Initially set-up as an unincorporated voluntary group, the small team of marine researchers and environmentalists soon recognised the need to expand their studies to a wider geographical area in order to better understand the movements and habitat use of the transient dolphin community being studied. This was largely achieved through platforms of opportunity (sailing, fishing boats and whale watching vessels). Then in 2000, two 8 metre ex-life rafts were donated to the organisation for their studies.

At this time, the team had also been responding to a number of call-outs to stranded cetaceans along the north east coastline. But in 1999, a call was received to a live-stranded porpoise, which subsequently identified the need for a regional strandings / veterinary division to address such situations in the future.

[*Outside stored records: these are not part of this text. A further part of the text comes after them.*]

lemma sum_binseqs_count_list:
  fixes f :: "nat \<Rightarrow> 'a::comm_semiring_1"
  shows "(\<Sum>x\<in>binseqs n. f (count_list x c)) = (\<Sum>k\<le>n. of_nat (n choose k) * f k)"
proof (induction n arbitrary: f)
  case 0
  then show ?case by (simp add: binseqs_0)
next
  case (Suc n)
  have "(\<Sum>x\<in>binseqs (Suc n). f (count_list x c)) =
        (\<Sum>k\<le>n. of_nat (n choose k) * f (Suc k)) + (\<Sum>k\<le>n. of_nat (n choose k) * f k)"
    by (simp add: sum_binseqs_Suc[where b = c] sum.distrib Suc.IH[of "\<lambda>k. f (Suc k)"] Suc.IH[of f])
  also have "(\<Sum>k\<le>n. of_nat (n choose k) * f k) = f 0 + (\<Sum>k\<le>n. of_nat (n choose Suc k) * f (Suc k))"
    using sum.atMost_Suc_shift[of "\<lambda>k. of_nat (n choose k) * f k" n] by (simp add: binomial_eq_0)
  also have "(\<Sum>k\<le>n. of_nat (n choose k) * f (Suc k)) + \<dots> = (\<Sum>k\<le>Suc n. of_nat (Suc n choose k) * f k)"
    unfolding sum.atMost_Suc_shift[of "\<lambda>k. of_nat (Suc n choose k) * f k" n]
    by (simp add: sum.distrib algebra_simps)
  finally show ?case .
qed

lemma emb_eq_0_if_shorter: "length x < length y \<Longrightarrow> emb y x = 0"
  by (induction y x rule: emb.induct) auto

lemma emb_le_binomial: "emb y x \<le> length x choose length y"
  by (induction y x rule: emb.induct) (auto intro: add_le_mono)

The name of the organisation subsequently became the Cetacean Research (& Rescue) Unit (CRRU).

The CRRU team relocated to the picturesque heritage fishing village of Gardenstown in early 2000 where new office and accommodation facilities were installed. The liferafts were sold to provide funds for the groups first Rigid Inflatable Boat, Orca II, and a grassroots award from Transco subsequently equipped the team with its first 4 x 4 vehicle / wildlife rescue ambulance.

The first university dissertations were provided for students in 2001, and these were largely supported with funding from the summer research training programme in association with Ecovolunteer and Ecocorps Scotland. During the following 5 years, the CRRU provided student placements, volunteer and field training opportunities for in excess of 200 folk. In addition, the CRRU was instrumental in setting up a national strandings network for Scotland with British Divers Marine Life Rescue. From 2002 to 2006, over 500 volunteers were trained in marine mammal rescue treatments and procedures.

In 2004, the CRRU became formally recognised as a Scottish Charity, and in 2006 major funding was received in support of the charities ongoing research programme. The CRRU currently provides placements for up to 60 international volunteers and students a year, and boasts an impressive publication list and educational outreach programme.

The field base in Gardenstown operates from May to October each year. A sister field project is currently in development in southwest Thailand in Trang which will run from November to April. A pilot project was carried out in April 2010 with support from the Phuket Marine Biological Centre and Chulalongkorn University, Bangkok.